- Records supplied:
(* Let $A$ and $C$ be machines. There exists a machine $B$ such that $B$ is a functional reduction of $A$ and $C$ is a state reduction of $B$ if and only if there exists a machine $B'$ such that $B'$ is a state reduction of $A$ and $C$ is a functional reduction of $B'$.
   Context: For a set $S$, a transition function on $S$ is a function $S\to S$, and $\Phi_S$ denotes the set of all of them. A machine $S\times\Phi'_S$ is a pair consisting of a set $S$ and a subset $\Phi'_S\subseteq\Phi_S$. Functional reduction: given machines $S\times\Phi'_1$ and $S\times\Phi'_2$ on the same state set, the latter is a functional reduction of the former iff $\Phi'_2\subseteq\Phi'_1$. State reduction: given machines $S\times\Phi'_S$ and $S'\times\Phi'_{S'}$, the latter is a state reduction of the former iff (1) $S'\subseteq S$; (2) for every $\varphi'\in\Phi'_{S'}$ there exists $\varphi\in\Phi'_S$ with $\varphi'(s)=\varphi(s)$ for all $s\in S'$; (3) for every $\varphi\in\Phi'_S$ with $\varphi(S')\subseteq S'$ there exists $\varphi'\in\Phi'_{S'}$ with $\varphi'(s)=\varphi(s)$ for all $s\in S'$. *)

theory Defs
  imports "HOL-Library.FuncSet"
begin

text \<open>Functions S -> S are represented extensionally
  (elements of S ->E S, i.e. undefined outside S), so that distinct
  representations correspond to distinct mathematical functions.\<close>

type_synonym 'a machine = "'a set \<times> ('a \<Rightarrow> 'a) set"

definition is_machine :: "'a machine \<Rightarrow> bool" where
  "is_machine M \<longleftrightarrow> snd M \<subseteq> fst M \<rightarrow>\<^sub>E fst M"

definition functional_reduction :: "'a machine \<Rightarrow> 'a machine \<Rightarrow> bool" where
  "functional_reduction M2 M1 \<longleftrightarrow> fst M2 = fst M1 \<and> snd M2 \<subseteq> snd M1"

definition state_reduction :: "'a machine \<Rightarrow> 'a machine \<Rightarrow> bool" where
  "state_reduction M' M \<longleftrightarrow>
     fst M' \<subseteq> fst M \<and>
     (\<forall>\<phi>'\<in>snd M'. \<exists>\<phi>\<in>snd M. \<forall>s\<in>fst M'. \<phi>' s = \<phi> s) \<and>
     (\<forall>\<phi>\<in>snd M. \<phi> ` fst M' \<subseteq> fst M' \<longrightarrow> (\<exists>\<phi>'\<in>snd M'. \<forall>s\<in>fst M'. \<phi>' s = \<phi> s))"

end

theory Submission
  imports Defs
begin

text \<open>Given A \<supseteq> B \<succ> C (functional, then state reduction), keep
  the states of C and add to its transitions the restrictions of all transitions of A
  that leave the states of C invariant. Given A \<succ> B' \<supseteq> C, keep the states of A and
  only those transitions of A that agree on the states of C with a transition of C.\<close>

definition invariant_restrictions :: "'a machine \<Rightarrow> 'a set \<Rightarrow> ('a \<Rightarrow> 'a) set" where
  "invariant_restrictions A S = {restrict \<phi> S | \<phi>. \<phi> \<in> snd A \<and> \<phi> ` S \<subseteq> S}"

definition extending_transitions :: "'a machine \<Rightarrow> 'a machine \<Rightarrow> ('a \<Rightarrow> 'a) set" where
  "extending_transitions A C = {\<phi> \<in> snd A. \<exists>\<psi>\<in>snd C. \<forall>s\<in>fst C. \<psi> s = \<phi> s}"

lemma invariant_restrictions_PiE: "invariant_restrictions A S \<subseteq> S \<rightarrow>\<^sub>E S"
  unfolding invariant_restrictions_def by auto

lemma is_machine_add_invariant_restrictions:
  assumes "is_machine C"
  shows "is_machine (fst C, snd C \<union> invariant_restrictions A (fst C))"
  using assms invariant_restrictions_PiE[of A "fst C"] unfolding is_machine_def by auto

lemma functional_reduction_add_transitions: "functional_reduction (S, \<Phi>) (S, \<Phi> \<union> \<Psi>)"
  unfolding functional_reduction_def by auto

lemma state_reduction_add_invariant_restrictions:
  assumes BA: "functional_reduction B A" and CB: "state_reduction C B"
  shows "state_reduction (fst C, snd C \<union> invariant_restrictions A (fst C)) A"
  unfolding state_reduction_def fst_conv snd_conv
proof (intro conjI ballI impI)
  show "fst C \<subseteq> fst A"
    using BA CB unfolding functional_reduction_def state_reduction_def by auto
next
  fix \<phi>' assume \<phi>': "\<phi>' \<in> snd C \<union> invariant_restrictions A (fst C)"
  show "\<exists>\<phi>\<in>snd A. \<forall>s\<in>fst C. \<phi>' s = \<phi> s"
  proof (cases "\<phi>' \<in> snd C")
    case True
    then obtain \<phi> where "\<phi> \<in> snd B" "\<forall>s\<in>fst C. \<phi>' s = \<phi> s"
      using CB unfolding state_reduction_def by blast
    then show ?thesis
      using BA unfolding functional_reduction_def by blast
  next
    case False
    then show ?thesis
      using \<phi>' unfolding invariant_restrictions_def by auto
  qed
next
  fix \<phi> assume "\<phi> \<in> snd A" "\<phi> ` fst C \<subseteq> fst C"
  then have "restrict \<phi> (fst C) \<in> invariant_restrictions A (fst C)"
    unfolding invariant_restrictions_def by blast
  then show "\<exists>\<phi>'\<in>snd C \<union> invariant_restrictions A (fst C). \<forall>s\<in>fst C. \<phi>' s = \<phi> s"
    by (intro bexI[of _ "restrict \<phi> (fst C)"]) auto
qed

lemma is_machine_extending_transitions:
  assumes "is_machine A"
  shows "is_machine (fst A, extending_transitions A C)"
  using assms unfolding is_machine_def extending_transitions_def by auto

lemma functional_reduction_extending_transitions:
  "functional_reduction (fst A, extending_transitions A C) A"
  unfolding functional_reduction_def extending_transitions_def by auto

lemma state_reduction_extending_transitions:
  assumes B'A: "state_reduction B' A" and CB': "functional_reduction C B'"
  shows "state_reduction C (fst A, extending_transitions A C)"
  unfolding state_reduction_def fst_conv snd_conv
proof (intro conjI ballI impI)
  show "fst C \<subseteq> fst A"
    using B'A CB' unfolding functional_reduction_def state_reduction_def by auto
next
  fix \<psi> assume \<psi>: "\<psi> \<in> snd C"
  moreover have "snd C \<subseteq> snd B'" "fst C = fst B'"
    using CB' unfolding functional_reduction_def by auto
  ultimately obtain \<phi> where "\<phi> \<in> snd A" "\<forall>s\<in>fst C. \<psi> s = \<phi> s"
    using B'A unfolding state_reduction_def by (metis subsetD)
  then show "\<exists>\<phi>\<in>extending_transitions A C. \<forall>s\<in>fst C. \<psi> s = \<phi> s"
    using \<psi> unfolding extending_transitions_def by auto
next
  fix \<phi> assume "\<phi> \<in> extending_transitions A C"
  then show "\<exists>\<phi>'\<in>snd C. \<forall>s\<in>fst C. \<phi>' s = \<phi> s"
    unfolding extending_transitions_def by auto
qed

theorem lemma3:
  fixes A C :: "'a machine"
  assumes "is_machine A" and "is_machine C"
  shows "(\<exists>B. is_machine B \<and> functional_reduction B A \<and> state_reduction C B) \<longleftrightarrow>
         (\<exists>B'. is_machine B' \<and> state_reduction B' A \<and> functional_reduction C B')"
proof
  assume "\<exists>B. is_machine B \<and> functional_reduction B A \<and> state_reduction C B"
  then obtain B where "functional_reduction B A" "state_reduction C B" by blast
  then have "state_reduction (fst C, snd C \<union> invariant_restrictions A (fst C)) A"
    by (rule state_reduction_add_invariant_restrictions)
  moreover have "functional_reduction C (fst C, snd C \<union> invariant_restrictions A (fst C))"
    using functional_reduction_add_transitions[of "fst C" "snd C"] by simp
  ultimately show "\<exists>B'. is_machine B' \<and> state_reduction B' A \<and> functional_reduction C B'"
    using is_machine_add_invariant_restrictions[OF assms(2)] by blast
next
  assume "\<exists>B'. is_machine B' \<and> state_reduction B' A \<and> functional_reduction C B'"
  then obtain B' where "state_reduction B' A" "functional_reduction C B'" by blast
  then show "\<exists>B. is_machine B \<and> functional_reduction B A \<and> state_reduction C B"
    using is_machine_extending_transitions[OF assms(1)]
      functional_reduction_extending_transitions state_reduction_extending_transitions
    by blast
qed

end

...

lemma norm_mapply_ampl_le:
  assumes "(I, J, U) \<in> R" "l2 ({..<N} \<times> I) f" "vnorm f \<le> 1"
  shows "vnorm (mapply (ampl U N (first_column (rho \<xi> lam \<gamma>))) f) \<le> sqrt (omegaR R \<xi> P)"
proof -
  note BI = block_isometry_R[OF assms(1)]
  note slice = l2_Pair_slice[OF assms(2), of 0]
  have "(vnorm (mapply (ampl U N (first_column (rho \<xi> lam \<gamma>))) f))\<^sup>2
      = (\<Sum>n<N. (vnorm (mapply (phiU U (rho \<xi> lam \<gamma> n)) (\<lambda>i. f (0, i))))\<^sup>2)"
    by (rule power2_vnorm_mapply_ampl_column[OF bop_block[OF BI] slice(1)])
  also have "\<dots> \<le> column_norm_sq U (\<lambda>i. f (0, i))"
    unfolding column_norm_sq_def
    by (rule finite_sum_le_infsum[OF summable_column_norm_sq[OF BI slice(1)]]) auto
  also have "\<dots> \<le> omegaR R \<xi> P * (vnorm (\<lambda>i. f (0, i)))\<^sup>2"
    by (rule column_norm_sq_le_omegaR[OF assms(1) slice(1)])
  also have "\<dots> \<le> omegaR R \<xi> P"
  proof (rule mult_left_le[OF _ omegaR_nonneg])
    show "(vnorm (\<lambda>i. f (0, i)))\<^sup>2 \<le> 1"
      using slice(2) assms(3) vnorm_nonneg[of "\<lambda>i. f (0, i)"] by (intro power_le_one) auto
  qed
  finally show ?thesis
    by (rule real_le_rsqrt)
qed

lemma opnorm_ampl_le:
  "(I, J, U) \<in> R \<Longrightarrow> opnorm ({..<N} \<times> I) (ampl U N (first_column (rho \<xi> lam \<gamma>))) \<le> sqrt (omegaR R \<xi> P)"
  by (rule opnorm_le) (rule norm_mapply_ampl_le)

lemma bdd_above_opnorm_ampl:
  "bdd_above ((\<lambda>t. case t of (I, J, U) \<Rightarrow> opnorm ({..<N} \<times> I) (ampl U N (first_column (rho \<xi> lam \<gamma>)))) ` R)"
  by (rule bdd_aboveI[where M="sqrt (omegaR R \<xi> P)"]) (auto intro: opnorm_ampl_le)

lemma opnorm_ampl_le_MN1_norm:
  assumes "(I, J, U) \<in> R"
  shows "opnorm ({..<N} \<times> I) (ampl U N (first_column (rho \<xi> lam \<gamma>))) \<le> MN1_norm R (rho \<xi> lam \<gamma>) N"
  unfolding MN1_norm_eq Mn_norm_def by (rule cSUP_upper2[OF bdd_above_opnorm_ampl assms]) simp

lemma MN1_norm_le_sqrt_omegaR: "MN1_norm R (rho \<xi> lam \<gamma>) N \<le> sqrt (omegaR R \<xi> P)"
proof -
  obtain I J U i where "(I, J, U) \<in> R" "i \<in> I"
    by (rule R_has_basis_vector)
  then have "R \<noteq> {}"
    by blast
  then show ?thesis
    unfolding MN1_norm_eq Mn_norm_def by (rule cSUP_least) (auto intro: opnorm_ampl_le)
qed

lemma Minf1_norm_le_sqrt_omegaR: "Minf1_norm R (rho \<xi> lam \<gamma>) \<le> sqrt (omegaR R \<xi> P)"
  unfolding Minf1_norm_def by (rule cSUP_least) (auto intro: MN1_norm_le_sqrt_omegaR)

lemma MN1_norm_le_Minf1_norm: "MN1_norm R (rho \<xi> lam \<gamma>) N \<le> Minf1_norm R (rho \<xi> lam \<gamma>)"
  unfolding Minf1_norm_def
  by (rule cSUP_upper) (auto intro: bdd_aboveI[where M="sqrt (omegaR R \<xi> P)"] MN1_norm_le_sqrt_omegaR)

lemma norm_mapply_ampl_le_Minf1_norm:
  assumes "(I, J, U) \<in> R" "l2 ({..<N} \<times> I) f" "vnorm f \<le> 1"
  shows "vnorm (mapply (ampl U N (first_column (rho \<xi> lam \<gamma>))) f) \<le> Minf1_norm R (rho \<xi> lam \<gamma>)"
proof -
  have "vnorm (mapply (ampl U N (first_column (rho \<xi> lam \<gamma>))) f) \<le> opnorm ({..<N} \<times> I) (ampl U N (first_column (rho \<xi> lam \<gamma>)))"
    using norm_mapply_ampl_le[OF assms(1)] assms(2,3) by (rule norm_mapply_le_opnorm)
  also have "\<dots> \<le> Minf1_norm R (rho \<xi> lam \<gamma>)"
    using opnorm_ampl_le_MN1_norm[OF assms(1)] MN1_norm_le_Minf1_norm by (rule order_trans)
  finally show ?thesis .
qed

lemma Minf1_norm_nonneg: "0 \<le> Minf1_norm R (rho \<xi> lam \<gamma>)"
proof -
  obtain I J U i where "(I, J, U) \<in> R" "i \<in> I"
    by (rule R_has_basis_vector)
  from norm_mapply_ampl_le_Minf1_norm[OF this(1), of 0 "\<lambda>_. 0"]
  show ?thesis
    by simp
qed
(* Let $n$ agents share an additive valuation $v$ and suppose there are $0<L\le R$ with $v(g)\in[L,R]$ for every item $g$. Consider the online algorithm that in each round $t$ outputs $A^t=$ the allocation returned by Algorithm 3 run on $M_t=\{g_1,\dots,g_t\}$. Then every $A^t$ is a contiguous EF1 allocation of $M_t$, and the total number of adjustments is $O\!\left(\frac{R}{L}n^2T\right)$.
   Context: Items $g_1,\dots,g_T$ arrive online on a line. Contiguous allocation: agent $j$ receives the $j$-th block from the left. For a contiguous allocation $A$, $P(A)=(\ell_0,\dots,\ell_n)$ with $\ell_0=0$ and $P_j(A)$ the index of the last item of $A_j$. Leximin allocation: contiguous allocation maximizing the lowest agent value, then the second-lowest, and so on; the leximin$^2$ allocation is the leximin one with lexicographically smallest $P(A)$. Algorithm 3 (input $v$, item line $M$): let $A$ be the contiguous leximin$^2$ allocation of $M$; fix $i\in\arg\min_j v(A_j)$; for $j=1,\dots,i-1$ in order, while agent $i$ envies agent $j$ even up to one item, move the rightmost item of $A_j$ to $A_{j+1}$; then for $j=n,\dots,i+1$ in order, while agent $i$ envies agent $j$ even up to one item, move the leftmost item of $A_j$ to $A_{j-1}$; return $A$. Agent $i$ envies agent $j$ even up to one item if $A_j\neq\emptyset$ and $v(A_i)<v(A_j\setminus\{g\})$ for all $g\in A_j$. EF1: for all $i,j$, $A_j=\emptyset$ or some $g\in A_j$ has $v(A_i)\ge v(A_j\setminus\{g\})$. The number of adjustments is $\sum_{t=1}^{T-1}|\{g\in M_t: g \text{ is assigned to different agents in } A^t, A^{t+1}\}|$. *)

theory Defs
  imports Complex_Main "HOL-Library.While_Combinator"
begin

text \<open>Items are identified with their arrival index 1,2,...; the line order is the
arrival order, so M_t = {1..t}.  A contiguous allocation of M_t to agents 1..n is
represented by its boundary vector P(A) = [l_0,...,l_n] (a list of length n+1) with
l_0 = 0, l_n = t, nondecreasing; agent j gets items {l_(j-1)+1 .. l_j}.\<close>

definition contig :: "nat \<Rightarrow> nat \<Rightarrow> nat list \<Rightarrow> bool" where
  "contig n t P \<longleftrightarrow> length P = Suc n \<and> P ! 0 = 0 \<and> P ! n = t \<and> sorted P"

==

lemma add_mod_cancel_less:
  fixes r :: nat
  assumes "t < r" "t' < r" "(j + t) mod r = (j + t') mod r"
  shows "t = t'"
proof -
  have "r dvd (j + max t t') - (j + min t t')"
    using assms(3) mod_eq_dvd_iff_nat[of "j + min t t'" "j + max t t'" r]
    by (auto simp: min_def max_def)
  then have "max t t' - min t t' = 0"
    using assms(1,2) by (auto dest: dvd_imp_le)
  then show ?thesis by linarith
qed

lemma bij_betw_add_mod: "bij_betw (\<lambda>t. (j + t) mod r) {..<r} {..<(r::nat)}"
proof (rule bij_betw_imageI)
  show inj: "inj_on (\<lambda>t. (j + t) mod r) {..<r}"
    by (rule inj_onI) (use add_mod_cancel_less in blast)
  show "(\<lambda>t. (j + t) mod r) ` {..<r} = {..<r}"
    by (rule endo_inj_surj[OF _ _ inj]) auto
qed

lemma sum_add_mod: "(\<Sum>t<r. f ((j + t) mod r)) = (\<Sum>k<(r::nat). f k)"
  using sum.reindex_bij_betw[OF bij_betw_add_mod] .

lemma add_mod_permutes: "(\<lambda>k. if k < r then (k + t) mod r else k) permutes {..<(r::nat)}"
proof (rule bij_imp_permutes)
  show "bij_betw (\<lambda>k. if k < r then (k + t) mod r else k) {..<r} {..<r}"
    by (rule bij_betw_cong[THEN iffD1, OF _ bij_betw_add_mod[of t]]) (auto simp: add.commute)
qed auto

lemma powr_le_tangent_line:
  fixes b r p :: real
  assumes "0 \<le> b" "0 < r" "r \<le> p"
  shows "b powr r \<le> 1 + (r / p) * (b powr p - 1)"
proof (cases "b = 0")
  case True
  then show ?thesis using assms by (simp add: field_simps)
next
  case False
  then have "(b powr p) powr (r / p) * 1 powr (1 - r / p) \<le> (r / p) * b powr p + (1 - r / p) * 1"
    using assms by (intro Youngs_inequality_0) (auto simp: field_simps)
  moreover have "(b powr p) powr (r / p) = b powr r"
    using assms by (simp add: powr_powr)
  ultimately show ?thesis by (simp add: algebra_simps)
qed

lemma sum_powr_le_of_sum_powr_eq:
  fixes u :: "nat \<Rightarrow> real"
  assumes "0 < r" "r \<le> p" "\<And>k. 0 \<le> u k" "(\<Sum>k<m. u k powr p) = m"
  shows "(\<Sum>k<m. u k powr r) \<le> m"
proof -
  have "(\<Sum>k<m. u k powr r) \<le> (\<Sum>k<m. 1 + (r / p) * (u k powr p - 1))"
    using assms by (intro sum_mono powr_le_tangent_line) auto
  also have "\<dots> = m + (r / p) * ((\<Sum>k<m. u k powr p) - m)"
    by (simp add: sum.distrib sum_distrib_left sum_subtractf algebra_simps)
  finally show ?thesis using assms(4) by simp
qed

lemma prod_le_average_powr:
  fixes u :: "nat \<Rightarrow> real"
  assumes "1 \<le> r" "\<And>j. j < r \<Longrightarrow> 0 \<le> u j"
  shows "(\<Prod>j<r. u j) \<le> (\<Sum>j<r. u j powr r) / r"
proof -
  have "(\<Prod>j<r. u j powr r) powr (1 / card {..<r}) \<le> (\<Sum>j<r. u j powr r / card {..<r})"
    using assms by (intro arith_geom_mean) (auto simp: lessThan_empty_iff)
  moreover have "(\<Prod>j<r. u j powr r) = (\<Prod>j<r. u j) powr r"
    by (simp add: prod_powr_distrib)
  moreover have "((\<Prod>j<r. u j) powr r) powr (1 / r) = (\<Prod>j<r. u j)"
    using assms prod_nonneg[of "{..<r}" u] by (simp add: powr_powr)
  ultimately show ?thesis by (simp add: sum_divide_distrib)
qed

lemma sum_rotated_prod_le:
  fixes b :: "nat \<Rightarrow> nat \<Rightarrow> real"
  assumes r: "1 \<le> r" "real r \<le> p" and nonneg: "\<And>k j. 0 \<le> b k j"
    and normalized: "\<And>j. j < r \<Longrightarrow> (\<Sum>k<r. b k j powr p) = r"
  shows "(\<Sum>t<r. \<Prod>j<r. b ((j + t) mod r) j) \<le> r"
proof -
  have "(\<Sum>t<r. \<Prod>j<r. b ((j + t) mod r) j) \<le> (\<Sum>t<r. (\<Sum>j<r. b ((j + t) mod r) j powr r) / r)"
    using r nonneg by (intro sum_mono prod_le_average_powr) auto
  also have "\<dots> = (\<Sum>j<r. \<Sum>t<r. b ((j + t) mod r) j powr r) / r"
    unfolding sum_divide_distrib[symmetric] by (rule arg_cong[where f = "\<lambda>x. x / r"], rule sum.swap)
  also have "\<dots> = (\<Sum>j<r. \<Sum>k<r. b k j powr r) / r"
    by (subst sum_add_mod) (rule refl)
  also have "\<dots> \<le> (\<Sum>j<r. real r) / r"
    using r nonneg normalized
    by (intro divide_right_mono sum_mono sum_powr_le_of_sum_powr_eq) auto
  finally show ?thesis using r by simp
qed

- Assignment:
To answer, report how many lines of the listing contain the word "fixes", as a number with nothing else.

- Expected answer:
6